== PROBLEM DETAILS ==
Transcribe each line below word for word.

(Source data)
lemma measure_PiM_Int_determined_by_disjoint:
  assumes prob: "\<And>j. j \<in> I \<Longrightarrow> prob_space (M j)"
    and A: "A \<in> sets (PiM I M)" and B: "B \<in> sets (PiM I M)"
    and J: "J \<subseteq> I" and K: "K \<subseteq> I" and JK: "J \<inter> K = {}"
    and detA: "determined_by (PiM I M) A J" and detB: "determined_by (PiM I M) B K"
  shows "measure (PiM I M) (A \<inter> B) = measure (PiM I M) A * measure (PiM I M) B"
proof -
  \<comment> \<open>\<open>product_prob_space\<close> needs a probability space at every index, also outside \<open>I\<close>.\<close>
  define M' where "M' i = (if i \<in> I then M i else return (count_space UNIV) undefined)" for i
  have eq: "PiM I M' = PiM I M" by (rule PiM_cong) (auto simp: M'_def)
  have "prob_space (M' i)" for i
    by (cases "i \<in> I") (simp_all add: M'_def prob prob_space_return)
  then interpret product_prob_space M' I
    by (intro product_prob_space.intro product_sigma_finite.intro product_prob_space_axioms.intro
        prob_space_imp_sigma_finite)
  let ?\<sigma> = "\<lambda>S. sigma_sets (space (PiM I M'))
                 {(\<lambda>\<omega>. restrict \<omega> S) -` X \<inter> space (PiM I M') | X. X \<in> sets (PiM S M')}"
  obtain \<omega>\<^sub>0 where \<omega>\<^sub>0: "\<omega>\<^sub>0 \<in> space (PiM I M')" using P.not_empty by blast
  have "P.indep_var (PiM J M') (\<lambda>\<omega>. restrict (\<lambda>i. \<omega> i) J) (PiM K M') (\<lambda>\<omega>. restrict (\<lambda>i. \<omega> i) K)"
    using P.indep_var_restrict[OF indep_vars_coordinates JK J K] .
  then have indep: "P.indep_set (?\<sigma> J) (?\<sigma> K)"
    unfolding P.indep_var_eq by simp
  have "A \<in> ?\<sigma> J"
    using determined_by_imp_vimage_restrict[OF _ J _ \<omega>\<^sub>0] A detA
    by (auto simp: eq intro: sigma_sets.Basic)
  moreover have "B \<in> ?\<sigma> K"
    using determined_by_imp_vimage_restrict[OF _ K _ \<omega>\<^sub>0] B detB
    by (auto simp: eq intro: sigma_sets.Basic)
  ultimately show ?thesis
    using P.indep_setD[OF indep] by (simp add: eq)
qed

lemma finite_indep_sets: "finite (indep_sets m vbl)"
  by (rule finite_subset[of _ "Pow {..<m}"]) (auto simp: indep_sets_def)

lemma insert_indep_sets:
  assumes "J \<in> indep_sets m vbl" "i < m" "\<And>j. j \<in> J \<Longrightarrow> vbl j \<inter> vbl i = {}"
  shows "insert i J \<in> indep_sets m vbl"
  using assms unfolding indep_sets_def dep_adj_def by (auto simp: inf_commute[of "vbl i"])

lemma indep_sets_Diff: "I \<in> indep_sets m vbl \<Longrightarrow> I - K \<in> indep_sets m vbl"
  unfolding indep_sets_def by auto

lemma indep_sets_disjoint_vbl:
  "I \<in> indep_sets m vbl \<Longrightarrow> i \<in> I \<Longrightarrow> j \<in> I \<Longrightarrow> i \<noteq> j \<Longrightarrow> vbl j \<inter> vbl i = {}"
  unfolding indep_sets_def dep_adj_def by blast

lemma indep_sets_containing_eq_image_insert:
  fixes vbl :: "nat \<Rightarrow> nat set"
  assumes i: "i \<in> T" and T: "T \<subseteq> {..<m}"
  defines "N \<equiv> {j\<in>T - {i}. vbl j \<inter> vbl i = {}}"
  shows "{I\<in>indep_sets m vbl. I \<subseteq> T \<and> i \<in> I} = insert i ` {J\<in>indep_sets m vbl. J \<subseteq> N}"
proof (intro set_eqI iffI)
  fix I assume I: "I \<in> {I\<in>indep_sets m vbl. I \<subseteq> T \<and> i \<in> I}"
  then have "I - {i} \<in> indep_sets m vbl" "I = insert i (I - {i})"
    using indep_sets_Diff[of I] by auto
  moreover have "I - {i} \<subseteq> N"
  proof
    fix j assume "j \<in> I - {i}"
    with I have "j \<in> T - {i}" "vbl j \<inter> vbl i = {}"
      using indep_sets_disjoint_vbl[of I m vbl i j] by auto
    then show "j \<in> N" unfolding N_def by blast
  qed
  ultimately show "I \<in> insert i ` {J\<in>indep_sets m vbl. J \<subseteq> N}" by blast
next
  fix I assume "I \<in> insert i ` {J\<in>indep_sets m vbl. J \<subseteq> N}"
  then obtain J where J: "J \<in> indep_sets m vbl" "J \<subseteq> N" and I: "I = insert i J" by blast
  have "insert i J \<in> indep_sets m vbl"
    using J i T by (intro insert_indep_sets) (auto simp: N_def)
  then show "I \<in> {I\<in>indep_sets m vbl. I \<subseteq> T \<and> i \<in> I}"
    using I J i unfolding N_def by auto
qed

definition indep_poly :: "nat \<Rightarrow> (nat \<Rightarrow> nat set) \<Rightarrow> (nat \<Rightarrow> real) \<Rightarrow> nat set \<Rightarrow> real" where
  "indep_poly m vbl y T = (\<Sum>I\<in>{I\<in>indep_sets m vbl. I \<subseteq> T}. (-1) ^ card I * (\<Prod>i\<in>I. y i))"

lemma q_empty_eq_indep_poly: "q_empty m vbl y = indep_poly m vbl y {..<m}"
  unfolding q_empty_def indep_poly_def by (rule sum.cong) (auto simp: indep_sets_def)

== COMPLETED EXERCISE ==
lemma measure_PiM_Int_determined_by_disjoint:
  assumes prob: "\<And>j. j \<in> I \<Longrightarrow> prob_space (M j)"
    and A: "A \<in> sets (PiM I M)" and B: "B \<in> sets (PiM I M)"
    and J: "J \<subseteq> I" and K: "K \<subseteq> I" and JK: "J \<inter> K = {}"
    and detA: "determined_by (PiM I M) A J" and detB: "determined_by (PiM I M) B K"
  shows "measure (PiM I M) (A \<inter> B) = measure (PiM I M) A * measure (PiM I M) B"
proof -
  \<comment> \<open>\<open>product_prob_space\<close> needs a probability space at every index, also outside \<open>I\<close>.\<close>
  define M' where "M' i = (if i \<in> I then M i else return (count_space UNIV) undefined)" for i
  have eq: "PiM I M' = PiM I M" by (rule PiM_cong) (auto simp: M'_def)
  have "prob_space (M' i)" for i
    by (cases "i \<in> I") (simp_all add: M'_def prob prob_space_return)
  then interpret product_prob_space M' I
    by (intro product_prob_space.intro product_sigma_finite.intro product_prob_space_axioms.intro
        prob_space_imp_sigma_finite)
  let ?\<sigma> = "\<lambda>S. sigma_sets (space (PiM I M'))
                 {(\<lambda>\<omega>. restrict \<omega> S) -` X \<inter> space (PiM I M') | X. X \<in> sets (PiM S M')}"
  obtain \<omega>\<^sub>0 where \<omega>\<^sub>0: "\<omega>\<^sub>0 \<in> space (PiM I M')" using P.not_empty by blast
  have "P.indep_var (PiM J M') (\<lambda>\<omega>. restrict (\<lambda>i. \<omega> i) J) (PiM K M') (\<lambda>\<omega>. restrict (\<lambda>i. \<omega> i) K)"
    using P.indep_var_restrict[OF indep_vars_coordinates JK J K] .
  then have indep: "P.indep_set (?\<sigma> J) (?\<sigma> K)"
    unfolding P.indep_var_eq by simp
  have "A \<in> ?\<sigma> J"
    using determined_by_imp_vimage_restrict[OF _ J _ \<omega>\<^sub>0] A detA
    by (auto simp: eq intro: sigma_sets.Basic)
  moreover have "B \<in> ?\<sigma> K"
    using determined_by_imp_vimage_restrict[OF _ K _ \<omega>\<^sub>0] B detB
    by (auto simp: eq intro: sigma_sets.Basic)
  ultimately show ?thesis
    using P.indep_setD[OF indep] by (simp add: eq)
qed

lemma finite_indep_sets: "finite (indep_sets m vbl)"
  by (rule finite_subset[of _ "Pow {..<m}"]) (auto simp: indep_sets_def)

lemma insert_indep_sets:
  assumes "J \<in> indep_sets m vbl" "i < m" "\<And>j. j \<in> J \<Longrightarrow> vbl j \<inter> vbl i = {}"
  shows "insert i J \<in> indep_sets m vbl"
  using assms unfolding indep_sets_def dep_adj_def by (auto simp: inf_commute[of "vbl i"])

lemma indep_sets_Diff: "I \<in> indep_sets m vbl \<Longrightarrow> I - K \<in> indep_sets m vbl"
  unfolding indep_sets_def by auto

lemma indep_sets_disjoint_vbl:
  "I \<in> indep_sets m vbl \<Longrightarrow> i \<in> I \<Longrightarrow> j \<in> I \<Longrightarrow> i \<noteq> j \<Longrightarrow> vbl j \<inter> vbl i = {}"
  unfolding indep_sets_def dep_adj_def by blast

lemma indep_sets_containing_eq_image_insert:
  fixes vbl :: "nat \<Rightarrow> nat set"
  assumes i: "i \<in> T" and T: "T \<subseteq> {..<m}"
  defines "N \<equiv> {j\<in>T - {i}. vbl j \<inter> vbl i = {}}"
  shows "{I\<in>indep_sets m vbl. I \<subseteq> T \<and> i \<in> I} = insert i ` {J\<in>indep_sets m vbl. J \<subseteq> N}"
proof (intro set_eqI iffI)
  fix I assume I: "I \<in> {I\<in>indep_sets m vbl. I \<subseteq> T \<and> i \<in> I}"
  then have "I - {i} \<in> indep_sets m vbl" "I = insert i (I - {i})"
    using indep_sets_Diff[of I] by auto
  moreover have "I - {i} \<subseteq> N"
  proof
    fix j assume "j \<in> I - {i}"
    with I have "j \<in> T - {i}" "vbl j \<inter> vbl i = {}"
      using indep_sets_disjoint_vbl[of I m vbl i j] by auto
    then show "j \<in> N" unfolding N_def by blast
  qed
  ultimately show "I \<in> insert i ` {J\<in>indep_sets m vbl. J \<subseteq> N}" by blast
next
  fix I assume "I \<in> insert i ` {J\<in>indep_sets m vbl. J \<subseteq> N}"
  then obtain J where J: "J \<in> indep_sets m vbl" "J \<subseteq> N" and I: "I = insert i J" by blast
  have "insert i J \<in> indep_sets m vbl"
    using J i T by (intro insert_indep_sets) (auto simp: N_def)
  then show "I \<in> {I\<in>indep_sets m vbl. I \<subseteq> T \<and> i \<in> I}"
    using I J i unfolding N_def by auto
qed

definition indep_poly :: "nat \<Rightarrow> (nat \<Rightarrow> nat set) \<Rightarrow> (nat \<Rightarrow> real) \<Rightarrow> nat set \<Rightarrow> real" where
  "indep_poly m vbl y T = (\<Sum>I\<in>{I\<in>indep_sets m vbl. I \<subseteq> T}. (-1) ^ card I * (\<Prod>i\<in>I. y i))"

lemma q_empty_eq_indep_poly: "q_empty m vbl y = indep_poly m vbl y {..<m}"
  unfolding q_empty_def indep_poly_def by (rule sum.cong) (auto simp: indep_sets_def)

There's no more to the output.